*Brief*
Gather every line in the records below that contains the word "close".

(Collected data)
------------------------
(* Assume that the ALS parameter sequence $(\mathbf p_k)_{k\in\mathbb N}$ is bounded. If some accumulation point $\bar v$ of the sequence $(v_k)_{k\in\mathbb N}$ is isolated in the (nonempty) set of accumulation points of $(v_k)_{k\in\mathbb N}$, then $v_k\to\bar v$ as $k\to\infty$.
   Context: Let $d\ge 1$ and $m_1,\dots,m_d$ be positive integers, $N=\prod_{\nu=1}^d m_\nu$, and $\mathcal V=\bigotimes_{\nu=1}^d\mathbb R^{m_\nu}\cong\mathbb R^N$ with the Euclidean inner product. Let $A\in\mathbb R^{N\times N}$ be symmetric positive definite and $b\in\mathcal V\setminus\{0\}$; put $f(v)=\frac{1}{\|b\|^2}\big(\tfrac12\langle Av,v\rangle-\langle b,v\rangle\big)$. A tensor format representation consists of an integer $L\ge d$, finite-dimensional real inner product spaces $P_1,\dots,P_L$, the parameter space $P=P_1\times\dots\times P_L$ (with product norm), and a multilinear map $U:P\to\mathcal V$; put $F=f\circ U$. For $\mathbf p=(p_1,\dots,p_L)\in P$ and $\mu\in\{1,\dots,L\}$ let $W_{\mu,\mathbf p^{[\mu]}}:P_\mu\to\mathcal V$ be the linear map $q\mapsto U(p_1,\dots,p_{\mu-1},q,p_{\mu+1},\dots,p_L)$ (depending only on $\mathbf p^{[\mu]}=(p_1,\dots,p_{\mu-1},p_{\mu+1},\dots,p_L)$). Linear maps are identified with matrices w.r.t. orthonormal bases; $X^T$ is the transpose, $X^+$ the Moore–Penrose pseudoinverse. ALS: choose $\mathbf p_1=(p_1^1,\dots,p_L^1)\in P$. For $k=1,2,\dots$ and $\mu=1,\dots,L$ in this order let $W_{k,\mu}:=W_{\mu,(p_1^{k+1},\dots,p_{\mu-1}^{k+1},p_{\mu+1}^k,\dots,p_L^k)}$ and $p_\mu^{k+1}:=(W_{k,\mu}^TAW_{k,\mu})^+W_{k,\mu}^Tb$ (the minimum-norm minimiser of $q\mapsto F(p_1^{k+1},\dots,p_{\mu-1}^{k+1},q,p_{\mu+1}^k,\dots,p_L^k)$). Put $\mathbf p_k=(p_1^k,\dots,p_L^k)$ and $v_k=U(\mathbf p_k)$. *)

theory Defs
  imports Complex_Main "Jordan_Normal_Form.Matrix"
begin

text \<open>Vectors of R^k are represented as real vec of dimension k (Jordan_Normal_Form),
  matrices as real mat.  Linear maps are identified with matrices w.r.t. the standard
  (orthonormal) bases.\<close>

definition vnorm :: "real vec \<Rightarrow> real" where
  "vnorm v = sqrt (v \<bullet> v)"

text \<open>Product norm on P = P_1 x ... x P_L (components indexed 0..L-1).\<close>
definition pnorm :: "nat \<Rightarrow> (nat \<Rightarrow> real vec) \<Rightarrow> real" where
  "pnorm L p = sqrt (\<Sum>\<mu><L. (vnorm (p \<mu>))\<^sup>2)"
------------------------
*Solution for this task*
  (orthonormal) bases.\<close>
text \<open>Product norm on P = P_1 x ... x P_L (components indexed 0..L-1).\<close>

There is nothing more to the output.